Friday, March 31, 2006
My brother is actually the king of April Fool's Day. Every year, he manages to pull one over on my mother, and they get better and better. And every year, she promises that she will (a) not fall for it again, and (b) get him back., but I don't think she ever has. When it finally happens, though, I bet it will be fantastic.
So, here are a list of the top 100 April Fool's Hoaxes, as well as a list of the 10 worst. Meanwhile, the cast of The Office is giving us some faux Public Service Announcements. (Watch them all here.)
And, if anyone tells you to shut down your computer for internet spring cleaning, it's a hoax.
Thursday, March 30, 2006
For someone who has made such thoughtful documentaries, it seems somewhat out of character that he would give a speech at a high school in which he managed to swear, accuse teachers of doing drugs, and insult retarded people. But at least he apologized.
Wednesday, March 29, 2006
It looks so much more impressive in British.
To determine your own slogan, go to this site, enter your name in the box, and hit the "Sloganize" button.
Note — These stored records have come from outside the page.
(* Fix $p\in(0,1)$ and $B>0$, and suppose $Y_{a,b}\in[0,B]$ for all pairs. Under the Alternating Path Randomized Design, for a component $\mathcal{P}_s$ of length $k=k(s)$: if $\mathcal{P}_s$ is a path, \[\max_{Y_e\in[0,B]\ \forall e\in\mathcal{P}_s}\mathrm{Var}(\hat\Gamma_s)=\Big(\frac1p+\frac2{1-p}\Big)B^2k+\frac{2B^2(p^{k}-1)}{(1-p)^2};\] if $\mathcal{P}_s$ is a cycle, \[\max_{Y_e\in[0,B]\ \forall e\in\mathcal{P}_s}\mathrm{Var}(\hat\Gamma_s)=\Big(\frac1p+\frac2{1-p}\Big)B^2(k-1)+\frac{2B^2(p^{k-1}-1)}{(1-p)^2}+\frac{B^2\big(4+2p-p^2-p^3-p^{k-2}(2+p+p^2)\big)}{(1-p)(1+p^{k-1})}.\] Moreover, for both paths and cycles, \[\lim_{k\to\infty}\frac{1}{k}\max_{Y_e\in[0,B]\ \forall e\in\mathcal{P}_s}\mathrm{Var}(\hat\Gamma_s)=\frac{B^2(1+p)}{p(1-p)}.\]
   Context: Setting: $2N$ agents; $\mathbb{M}^t,\mathbb{M}^c$ are one-to-one matchings (sets of unordered pairs of distinct agents, each agent in at most one pair); each pair $(a,b)$ has a fixed real potential outcome $Y_{a,b}$. The disagreement set $\triangle\mathbb{M}^{(t,c)}=(\mathbb{M}^t\cup\mathbb{M}^c)\setminus(\mathbb{M}^t\cap\mathbb{M}^c)$, viewed as a graph, has connected components, each an alternating path or cycle: a sequence $(v_{s,1},\dots,v_{s,k(s)+1})$ whose consecutive pairs $e_{s,j}=(v_{s,j},v_{s,j+1})$, $j=1,\dots,k(s)$, are its edges, alternating between $\triangle\mathbb{M}^{(t,c)}_t=\triangle\mathbb{M}^{(t,c)}\cap\mathbb{M}^t$ and $\triangle\mathbb{M}^{(t,c)}_c=\triangle\mathbb{M}^{(t,c)}\cap\mathbb{M}^c$; a cycle if $v_{s,1}=v_{s,k(s)+1}$, a path otherwise; $k(s)$ is its length. Alternating Path Randomized Design with parameter $p$: indicators $W_{s,j}\in\{0,1\}$, independent across components; within $\mathcal{P}_s$, $\mathbb{P}(W_{s,1}=1)=p/(1+p)$; for $2\le j\le k(s)$ (path) or $2\le j\le k(s)-1$ (cycle), conditionally on $W_{s,1},\dots,W_{s,j-1}$, $W_{s,j}=1$ with probability $p$ if $W_{s,j-1}=0$ and $W_{s,j}=0$ if $W_{s,j-1}=1$; for a cycle, $W_{s,k(s)}=1$ iff $W_{s,1}=W_{s,k(s)-1}=0$. $\hat\Gamma_s=\sum_{j:\,e_{s,j}\in\triangle\mathbb{M}^{(t,c)}_t}\frac{W_{s,j}Y_{e_{s,j}}}{\mathbb{P}(W_{s,j}=1)}-\sum_{j:\,e_{s,j}\in\triangle\mathbb{M}^{(t,c)}_c}\frac{W_{s,j}Y_{e_{s,j}}}{\mathbb{P}(W_{s,j}=1)}$. The limit statement is over components (paths, respectively cycles) whose length $k$ tends to infinity, with the maxima given by the formulas above. *)

theory Defs
  imports Complex_Main "HOL-Library.FuncSet"
begin

text \<open>One component P_s of length k, edges e_1..e_k indexed 1..k.
 Assignment outcomes: W : {1..k} -> bool (extensional functions).\<close>

definition outcomes :: "nat \<Rightarrow> (nat \<Rightarrow> bool) set" where
  "outcomes k = {1..k} \<rightarrow>\<^sub>E (UNIV :: bool set)"

definition init_prob :: "real \<Rightarrow> bool \<Rightarrow> real" where
  "init_prob p b = (if b then p / (1 + p) else 1 / (1 + p))"

definition trans_prob :: "real \<Rightarrow> bool \<Rightarrow> bool \<Rightarrow> real" where
  "trans_prob p a b = (if a then (if b then 0 else 1) else (if b then p else 1 - p))"

definition path_weight :: "real \<Rightarrow> nat \<Rightarrow> (nat \<Rightarrow> bool) \<Rightarrow> real" where
  "path_weight p k w = init_prob p (w 1) * (\<Prod>j\<in>{2..k}. trans_prob p (w (j - 1)) (w j))"

definition cycle_weight :: "real \<Rightarrow> nat \<Rightarrow> (nat \<Rightarrow> bool) \<Rightarrow> real" where
  "cycle_weight p k w = init_prob p (w 1) * (\<Prod>j\<in>{2..k - 1}. trans_prob p (w (j - 1)) (w j))
     * (if w k = (\<not> w 1 \<and> \<not> w (k - 1)) then 1 else 0)"

definition marg :: "((nat \<Rightarrow> bool) \<Rightarrow> real) \<Rightarrow> nat \<Rightarrow> nat \<Rightarrow> real" where
  "marg P k j = (\<Sum>w\<in>outcomes k. if w j then P w else 0)"

text \<open>Sign of edge e_j: +1 if e_j is in the treatment matching, -1 if in the control one.
 Edges alternate; first_t says whether e_1 is a treatment edge.\<close>
definition edge_sign :: "bool \<Rightarrow> nat \<Rightarrow> real" where
  "edge_sign first_t j = (if odd j = first_t then 1 else -1)"

definition est :: "((nat \<Rightarrow> bool) \<Rightarrow> real) \<Rightarrow> nat \<Rightarrow> bool \<Rightarrow> (nat \<Rightarrow> real) \<Rightarrow> (nat \<Rightarrow> bool) \<Rightarrow> real" where
  "est P k first_t Y w = (\<Sum>j\<in>{1..k}. edge_sign first_t j * (if w j then Y j / marg P k j else 0))"

definition variance_under :: "((nat \<Rightarrow> bool) \<Rightarrow> real) \<Rightarrow> nat \<Rightarrow> ((nat \<Rightarrow> bool) \<Rightarrow> real) \<Rightarrow> real" where
  "variance_under P k f = (\<Sum>w\<in>outcomes k. P w * (f w)\<^sup>2) - (\<Sum>w\<in>outcomes k. P w * f w)\<^sup>2"

definition path_var :: "real \<Rightarrow> nat \<Rightarrow> bool \<Rightarrow> (nat \<Rightarrow> real) \<Rightarrow> real" where
  "path_var p k first_t Y = variance_under (path_weight p k) k (est (path_weight p k) k first_t Y)"

definition cycle_var :: "real \<Rightarrow> nat \<Rightarrow> bool \<Rightarrow> (nat \<Rightarrow> real) \<Rightarrow> real" where
  "cycle_var p k first_t Y = variance_under (cycle_weight p k) k (est (cycle_weight p k) k first_t Y)"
Share your results via the comments section. And, DON'T CHEAT -- keep the first slogan they give you.
According to the sloganizer, the blog is "The Right Blah Blah Blog at the Right Time." That'll work.
For the record, this was sent to me from a friend from high school, via MySpace.
From last week's updates, check out this video of how to fold a shirt and this article about the serious reprecussions of one small prank involving poop in a school cafeteria.
From this week's chat, check out this video and the response thereto.
Well, somwhat along those lines, the folks over at Best Week Ever have cleverly put together this response. Wait for the end of the song. Trust me.
Tuesday, March 28, 2006
Monday, March 27, 2006
Update: A PostSecret exhibition is scheduled for May 25, 2006 at the Old Town Theater in Alexandria, Virginia.
Sunday, March 26, 2006
The Office was the runner up, while Bones, How I Met Your Mother, and My Name Is Earl also got votes.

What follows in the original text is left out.